In her role as an addiction and trauma researcher, Dr. Scharff brings the latest in evidence-based, complementary addiction and trauma treatment information to those who suffer worldwide from addiction and trauma. She has spoken at conferences and shared information with researchers and mental health professionals in Europe, North and South America, the Middle East, Asia, Oceania, and Africa. She works to eliminate the stigma that is too often associated with addiction, trauma, and other mental health issues, so that individuals in need of care will be able to receive that support. In 2019, she received St. Lawrence University’s Sol Feinstone Humanitarian Award for her advocacy and work on behalf of those with mental health, trauma, and substance use issues.

Dr. Scharff trained in international development, specifically evaluating aid projects designed to improve the lives of women, indigenous/aboriginal groups, religious minorities, and others who have faced systemic discrimination or outright persecution. Her heroes are people like Vandana Shiva, Wangari Maathai, and Berta Cáceres. Dr. Scharff believes that women and historically marginalized and vilified groups can work together to re-envision a future that is just and fully invests in projects and programs that develop all sectors of our communities.

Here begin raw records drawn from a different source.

lemma is_solution_snd_closed_form:
  assumes f: "is_solution R f" and init: "(sin R) ^ 4 *\<^sub>R f R = cos R *\<^sub>R vector [3, 2]"
    and R: "R \<in> {0<..<pi}" and s: "s \<in> {0<..<pi}"
  shows "f s $ 2 * (sin s) ^ 3 = (3 * cos R * (csc R)\<^sup>2 / (3 + (sin R)\<^sup>2)) *
    ((1 + 2 * (csc R)\<^sup>2) * (sin s) ^ 3
     + ((cos s)\<^sup>2 - cos R * cos s - (sin R)\<^sup>2 / 3) * sin s * (cot (s / 2) / cot (R / 2)) powr (cos R))"
proof -
  let ?T = "\<lambda>t. cot (t / 2) powr cos R"
  let ?p = "(cos s)\<^sup>2 - cos R * cos s - (sin R)\<^sup>2 / 3"
  define q where "q = 3 + (sin R)\<^sup>2"
  have sin_ne: "sin R \<noteq> 0" "sin s \<noteq> 0"
    using R s sin_gt_zero by force+
  have "0 < ?T R" using cot_half_pos[OF R] by simp
  have "0 < q" unfolding q_def by (intro add_pos_nonneg) auto
  have f_R: "f R $ 1 = 3 * cos R / (sin R) ^ 4" "f R $ 2 = 2 * cos R / (sin R) ^ 4"
    using arg_cong[OF init, of "\<lambda>v. v $ 1"] arg_cong[OF init, of "\<lambda>v. v $ 2"] sin_ne
    by (simp_all add: field_simps)
  have diff_R: "phi R R $ 1 $ 2 - phi R R $ 2 $ 2 = q * ?T R / (3 * (sin R)\<^sup>2)"
    unfolding phi_col2_diff csc2_cot_half_powr_def csc_def q_def by (simp add: field_simps)
  have coeff: "(f R $ 1 - f R $ 2) / (phi R R $ 1 $ 2 - phi R R $ 2 $ 2)
      = 3 * cos R / ((sin R)\<^sup>2 * q * ?T R)"
    unfolding f_R diff_R using sin_ne \<open>0 < ?T R\<close> \<open>0 < q\<close>
    by (simp add: field_simps power2_eq_square power4_eq_xxxx)
  have incr: "phi R s $ 2 $ 2 - phi R R $ 2 $ 2 = ?p * ?T s / (sin s)\<^sup>2 + ?T R / 3"
    unfolding phi_col2_snd csc2_cot_half_powr_def csc_def
    using sin_ne by (simp add: field_simps power2_eq_square)
  have "f s $ 2 = 2 * cos R / (sin R) ^ 4 + cos R / ((sin R)\<^sup>2 * q)
      + 3 * cos R / ((sin R)\<^sup>2 * q) * ?p * (?T s / ?T R) / (sin s)\<^sup>2"
    unfolding is_solution_snd_eq_phi[OF f R s] coeff incr unfolding f_R
    using sin_ne \<open>0 < ?T R\<close> \<open>0 < q\<close> by (simp add: field_simps)
  also have "2 * cos R / (sin R) ^ 4 + cos R / ((sin R)\<^sup>2 * q)
      = 3 * cos R / ((sin R)\<^sup>2 * q) * (1 + 2 / (sin R)\<^sup>2)"
    using sin_ne \<open>0 < q\<close> by (simp add: field_simps, unfold q_def, algebra)
  finally have sol: "f s $ 2 = 3 * cos R / ((sin R)\<^sup>2 * q) * (1 + 2 / (sin R)\<^sup>2)
      + 3 * cos R / ((sin R)\<^sup>2 * q) * ?p * (?T s / ?T R) / (sin s)\<^sup>2" .
  show ?thesis
    unfolding sol csc_def powr_divide q_def[symmetric]
    using sin_ne \<open>0 < ?T R\<close> \<open>0 < q\<close> by (simp add: field_simps power3_eq_cube power2_eq_square)
qed

theorem propositionA1:
  fixes R :: real
  assumes "0 < R" and "R < pi / 2"
  shows "fundamental_matrix R (phi R) \<and>
    (\<forall>f. is_solution R f \<and> (sin R) ^ 4 *\<^sub>R f R = cos R *\<^sub>R vector [3, 2] \<longrightarrow>
      (\<forall>s\<in>{0<..<pi}.
         f s $ 2 * (sin s) ^ 3 =
         (3 * cos R * (csc R)\<^sup>2 / (3 + (sin R)\<^sup>2)) *
         ((1 + 2 * (csc R)\<^sup>2) * (sin s) ^ 3
          + ((cos s)\<^sup>2 - cos R * cos s - (sin R)\<^sup>2 / 3) * sin s
            * (cot (s / 2) / cot (R / 2)) powr (cos R))))"
proof (intro conjI allI impI ballI)
  show "fundamental_matrix R (phi R)" by (rule fundamental_matrix_phi)
  fix f s
  assume f: "is_solution R f \<and> (sin R) ^ 4 *\<^sub>R f R = cos R *\<^sub>R vector [3, 2]"
    and s: "s \<in> {0<..<pi}"
  have "R \<in> {0<..<pi}" using assms by auto
  with f s show "f s $ 2 * (sin s) ^ 3 =
         (3 * cos R * (csc R)\<^sup>2 / (3 + (sin R)\<^sup>2)) *
         ((1 + 2 * (csc R)\<^sup>2) * (sin s) ^ 3
          + ((cos s)\<^sup>2 - cos R * cos s - (sin R)\<^sup>2 / 3) * sin s
            * (cot (s / 2) / cot (R / 2)) powr (cos R))"
    by (intro is_solution_snd_closed_form) auto
qed

end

NPR interview in Nashville, Tennessee 2018

Personally and academically, Dr. Scharff has an interest in mystical and spiritual experience, the kind of experience that literally changes a person’s life in a moment. She has traveled the world visiting practitioners of various religious traditions in order to help her understand how it is that individuals experience the divine. She focuses specifically on the ways in which these experiences can radically transform those who have them and uses that understanding to help those undergoing deep-seated change to incorporate that change in ways that are healthy and productive.

Dr. Scharff is a member of the Society for Consciousness Studies, American Psychological Association, Interamerican Society of Psychology, World Federation for Mental Health, and the International Society for Contemplative Research. She is also a life-long Girl Scout.